lemma best_reply_disagreement_max:
  assumes "linear p" "is_best_reply A p (g, d) (g', d')" "g \<noteq> g'"
  shows "p (A ! d) = max_utility p (set A)"
proof -
  have gd: "g < length A" "d < length A"
    using assms(2) by (simp_all add: is_best_reply_def strategies_def)
  then obtain i where i: "i < length A" "p (A ! i) = max_utility p (set A)"
    by (metis max_utility_attained_nth list.size(3) not_less0)
  have "p (cudd_outcome A (g, i) (g', d')) \<le> p (cudd_outcome A (g, d) (g', d'))"
    using assms(2) gd i(1) by (simp add: is_best_reply_def strategies_def)
  then have "max_utility p (set A) \<le> p (A ! d)"
    using i assms(3) by (simp add: payoff_disagreement[OF assms(1)])
  with nth_utility_bounds(2)[OF gd(2), of p] show ?thesis by linarith
qed

lemma disagreement_best_reply:
  assumes "linear p" "g < length A" "d < length A" "g \<noteq> g'"
    and "p (A ! d) = max_utility p (set A)" "2 * p (A ! g') \<le> p (A ! d) + p (A ! d')"
  shows "is_best_reply A p (g, d) (g', d')"
  unfolding is_best_reply_def
proof (intro conjI ballI)
  show "(g, d) \<in> strategies A" using assms by (simp add: strategies_def)
  fix t assume "t \<in> strategies A"
  then obtain h e where t: "t = (h, e)" "e < length A" by (auto simp: strategies_def)
  have "p (A ! e) \<le> p (A ! d)" using nth_utility_bounds(2)[OF t(2)] assms(5) by simp
  then show "p (cudd_outcome A t (g', d')) \<le> p (cudd_outcome A (g, d) (g', d'))"
    using assms(4,6) t(1)
    by (cases "h = g'") (simp_all add: payoff_agreement payoff_disagreement[OF assms(1)])
qed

● ● ● ● ● ● ●

Your objective: Each entry, from start to finish, must be restated exactly.

Response area:
lemma best_reply_disagreement_max:
  assumes "linear p" "is_best_reply A p (g, d) (g', d')" "g \<noteq> g'"
  shows "p (A ! d) = max_utility p (set A)"
proof -
  have gd: "g < length A" "d < length A"
    using assms(2) by (simp_all add: is_best_reply_def strategies_def)
  then obtain i where i: "i < length A" "p (A ! i) = max_utility p (set A)"
    by (metis max_utility_attained_nth list.size(3) not_less0)
  have "p (cudd_outcome A (g, i) (g', d')) \<le> p (cudd_outcome A (g, d) (g', d'))"
    using assms(2) gd i(1) by (simp add: is_best_reply_def strategies_def)
  then have "max_utility p (set A) \<le> p (A ! d)"
    using i assms(3) by (simp add: payoff_disagreement[OF assms(1)])
  with nth_utility_bounds(2)[OF gd(2), of p] show ?thesis by linarith
qed

lemma disagreement_best_reply:
  assumes "linear p" "g < length A" "d < length A" "g \<noteq> g'"
    and "p (A ! d) = max_utility p (set A)" "2 * p (A ! g') \<le> p (A ! d) + p (A ! d')"
  shows "is_best_reply A p (g, d) (g', d')"
  unfolding is_best_reply_def
proof (intro conjI ballI)
  show "(g, d) \<in> strategies A" using assms by (simp add: strategies_def)
  fix t assume "t \<in> strategies A"
  then obtain h e where t: "t = (h, e)" "e < length A" by (auto simp: strategies_def)
  have "p (A ! e) \<le> p (A ! d)" using nth_utility_bounds(2)[OF t(2)] assms(5) by simp
  then show "p (cudd_outcome A t (g', d')) \<le> p (cudd_outcome A (g, d) (g', d'))"
    using assms(4,6) t(1)
    by (cases "h = g'") (simp_all add: payoff_agreement payoff_disagreement[OF assms(1)])
qed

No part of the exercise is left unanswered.